--- Work to complete ---
State how many lines of the entries hold the string "open", and nothing more.

--- Supplied information ---
(* $\mathrm{Sort}(\mathrm{SC}_{1\underline{32}})$ is not a permutation class.
   Context: $\mathfrak S_n$ is the set of permutations of $\{1,\dots,n\}$. A permutation $\pi$ contains a (classical) permutation $\tau$ if some subsequence of $\pi$ has the same relative order as $\tau$. A permutation class is a set $\Pi$ of permutations such that every permutation contained in some $\pi\in\Pi$ is also in $\Pi$. A vincular pattern is a permutation with some entries underlined; a sequence contains it if it has a subsequence with the same relative order in which entries corresponding to adjacent underlined entries occupy consecutive positions. An occurrence of $1\underline{32}$ is $a_i a_j a_{j+1}$ with $i<j$ and $a_i<a_{j+1}<a_j$. For a pattern $\sigma$, the map $\mathrm{SC}_\sigma$ acts on $\tau$: read entries left to right; when the next entry $x$ is read, if pushing $x$ yields a stack whose entries read top to bottom (stack adjacency = consecutive positions) avoid $\sigma$, push $x$; otherwise pop the top stack entry to the output and repeat. At the end pop all remaining entries; the output is $\mathrm{SC}_\sigma(\tau)$. West's stack-sorting map is $s=\mathrm{SC}_{21}$. $\mathrm{Sort}_n(\mathrm{SC}_\sigma)=\{\tau\in\mathfrak S_n : s(\mathrm{SC}_\sigma(\tau))=12\cdots n\}$ and $\mathrm{Sort}(\mathrm{SC}_\sigma)=\bigcup_{n\ge1}\mathrm{Sort}_n(\mathrm{SC}_\sigma)$. *)

theory Defs
  imports Main
begin

text \<open>A vincular pattern: a permutation (as a list) together with the set U of
 0-based positions i such that entries i and i+1 are underlined together
 (must occupy consecutive positions).\<close>
type_synonym vpattern = "nat list \<times> nat set"

definition vcontains :: "vpattern \<Rightarrow> nat list \<Rightarrow> bool" where
  "vcontains \<sigma> a \<longleftrightarrow>
     (\<exists>js. length js = length (fst \<sigma>) \<and> sorted_wrt (<) js \<and>
        (\<forall>i\<in>set js. i < length a) \<and>
        (\<forall>i<length (fst \<sigma>). \<forall>j<length (fst \<sigma>).
            (a ! (js ! i) < a ! (js ! j)) \<longleftrightarrow> (fst \<sigma> ! i < fst \<sigma> ! j)) \<and>
        (\<forall>i\<in>snd \<sigma>. Suc i < length (fst \<sigma>) \<longrightarrow> js ! Suc i = Suc (js ! i)))"

definition pat_132u :: vpattern where "pat_132u = ([1,3,2], {1})"
definition pat_21 :: vpattern where "pat_21 = ([2,1], {})"

text \<open>Stack as a list whose head is the top; the stack read top to bottom is the list itself.
 When the stack is empty, the entry is always pushed (for patterns of length \<ge> 2 this
 agrees with the rule, since a one-entry stack avoids them).\<close>
function sc_aux :: "vpattern \<Rightarrow> nat list \<Rightarrow> nat list \<Rightarrow> nat list" where
  "sc_aux \<sigma> [] st = st"
| "sc_aux \<sigma> (x # xs) st =
     (if st = [] \<or> \<not> vcontains \<sigma> (x # st) then sc_aux \<sigma> xs (x # st)
      else hd st # sc_aux \<sigma> (x # xs) (tl st))"
  by pat_completeness auto
termination
  by (relation "measure (\<lambda>(_, xs, st). 2 * length xs + length st)") (auto simp: length_tl)

definition SC :: "vpattern \<Rightarrow> nat list \<Rightarrow> nat list" where
  "SC \<sigma> \<tau> = sc_aux \<sigma> \<tau> []"

definition stack_sort :: "nat list \<Rightarrow> nat list" where
  "stack_sort = SC pat_21"

definition is_perm :: "nat list \<Rightarrow> bool" where
  "is_perm xs \<longleftrightarrow> distinct xs \<and> set xs = {1..length xs}"

definition perm_contains :: "nat list \<Rightarrow> nat list \<Rightarrow> bool" where
  "perm_contains \<pi> \<tau> \<longleftrightarrow> vcontains (\<tau>, {}) \<pi>"

definition perm_class :: "nat list set \<Rightarrow> bool" where
  "perm_class \<Pi> \<longleftrightarrow> (\<forall>\<pi>\<in>\<Pi>. is_perm \<pi>) \<and>
     (\<forall>\<pi>\<in>\<Pi>. \<forall>\<tau>. is_perm \<tau> \<and> length \<tau> \<ge> 1 \<and> perm_contains \<pi> \<tau> \<longrightarrow> \<tau> \<in> \<Pi>)"

definition Sort_SC :: "vpattern \<Rightarrow> nat list set" where
  "Sort_SC \<sigma> = {\<tau>. is_perm \<tau> \<and> length \<tau> \<ge> 1 \<and>
      stack_sort (SC \<sigma> \<tau>) = [1..<length \<tau> + 1]}"

end

theory Submission
  imports Defs
begin

text \<open>The pattern-avoiding stack for 1 underline(32) sends 2413 to 4312, which West's
  stack sorts, so 2413 is sortable. But it sends the pattern 132 of 2413 to 231, the
  permutation West's stack cannot sort.\<close>

lemma vcontains_132u_iff:
  "vcontains pat_132u a \<longleftrightarrow>
     (\<exists>j<length a. \<exists>i<j. Suc j < length a \<and> a ! i < a ! Suc j \<and> a ! Suc j < a ! j)"
proof
  assume "vcontains pat_132u a"
  then obtain js where len: "length js = length [1,3,2::nat]" and inc: "sorted_wrt (<) js"
    and bound: "\<forall>i\<in>set js. i < length a"
    and order: "\<forall>i<length [1,3,2::nat]. \<forall>j<length [1,3,2::nat].
                  (a ! (js ! i) < a ! (js ! j)) \<longleftrightarrow> ([1,3,2::nat] ! i < [1,3,2] ! j)"
    and adj: "\<forall>i\<in>{1}. Suc i < length [1,3,2::nat] \<longrightarrow> js ! Suc i = Suc (js ! i)"
    unfolding vcontains_def pat_132u_def fst_conv snd_conv by blast
  obtain x y z where js: "js = [x, y, z]"
    using len by (auto simp: length_Suc_conv)
  have "a ! x < a ! z" "a ! z < a ! y"
    using order[rule_format, of 0 2] order[rule_format, of 2 1] by (simp_all add: js)
  with inc bound adj[unfolded js] show "\<exists>j<length a. \<exists>i<j. Suc j < length a \<and> a ! i < a ! Suc j \<and> a ! Suc j < a ! j"
    unfolding js by (intro exI[of _ y]) auto
next
  assume "\<exists>j<length a. \<exists>i<j. Suc j < length a \<and> a ! i < a ! Suc j \<and> a ! Suc j < a ! j"
  then obtain i j where "i < j" "Suc j < length a" "a ! i < a ! Suc j" "a ! Suc j < a ! j"
    by blast
  then show "vcontains pat_132u a"
    unfolding vcontains_def pat_132u_def
    by (intro exI[of _ "[i, j, Suc j]"]) (auto simp: less_Suc_eq numeral_3_eq_3)
qed

lemma vcontains_21_iff_not_sorted: "vcontains pat_21 a \<longleftrightarrow> \<not> sorted a"
proof
  assume "vcontains pat_21 a"
  then obtain js where len: "length js = length [2,1::nat]" and inc: "sorted_wrt (<) js"
    and bound: "\<forall>i\<in>set js. i < length a"
    and order: "\<forall>i<length [2,1::nat]. \<forall>j<length [2,1::nat].
                  (a ! (js ! i) < a ! (js ! j)) \<longleftrightarrow> ([2,1::nat] ! i < [2,1] ! j)"
    unfolding vcontains_def pat_21_def fst_conv snd_conv by blast
  obtain x y where js: "js = [x, y]"
    using len by (auto simp: length_Suc_conv)
  have "a ! y < a ! x"
    using order[rule_format, of 1 0] by (simp add: js)
  with inc bound show "\<not> sorted a"
    unfolding js by (auto simp: sorted_iff_nth_mono_less not_le)
next
  assume "\<not> sorted a"
  then obtain i j where "i < j" "j < length a" "a ! j < a ! i"
    unfolding sorted_iff_nth_mono_less by (auto simp: not_le)
  then show "vcontains pat_21 a"
    unfolding vcontains_def pat_21_def
    by (intro exI[of _ "[i, j]"]) (auto simp: less_Suc_eq numeral_2_eq_2)
qed

lemma not_perm_class_if_pattern_escapes:
  assumes "\<pi> \<in> \<Pi>" "perm_contains \<pi> \<tau>" "is_perm \<tau>" "length \<tau> \<ge> 1" "\<tau> \<notin> \<Pi>"
  shows "\<not> perm_class \<Pi>"
  using assms unfolding perm_class_def by blast

lemma SC_132u_2413: "SC pat_132u [2,4,1,3] = [4,3,1,2]"
  unfolding SC_def by (simp add: vcontains_132u_iff Ex_less_Suc2 numeral_eq_Suc)

lemma stack_sort_4312: "stack_sort [4,3,1,2] = [1,2,3,4]"
  unfolding stack_sort_def SC_def by (simp add: vcontains_21_iff_not_sorted)

lemma SC_132u_132: "SC pat_132u [1,3,2] = [2,3,1]"
  unfolding SC_def by (simp add: vcontains_132u_iff Ex_less_Suc2 numeral_eq_Suc)

lemma stack_sort_231: "stack_sort [2,3,1] = [2,1,3]"
  unfolding stack_sort_def SC_def by (simp add: vcontains_21_iff_not_sorted)

theorem mainTheorem18:
  shows "\<not> perm_class (Sort_SC pat_132u)"
proof (rule not_perm_class_if_pattern_escapes)
  show "[2,4,1,3] \<in> Sort_SC pat_132u"
    unfolding Sort_SC_def mem_Collect_eq SC_132u_2413 stack_sort_4312
    by (auto simp: is_perm_def upt_rec)
  show "perm_contains [2,4,1,3] [1,3,2]"
    unfolding perm_contains_def vcontains_def
    by (intro exI[of _ "[0,1,3]"]) (auto simp: less_Suc_eq numeral_3_eq_3)
  show "is_perm [1,3,2]"
    by (auto simp: is_perm_def)
  show "[1,3,2] \<notin> Sort_SC pat_132u"
    unfolding Sort_SC_def mem_Collect_eq SC_132u_132 stack_sort_231
    by (simp add: upt_rec)
qed simp

end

--- Solution to this problem ---
3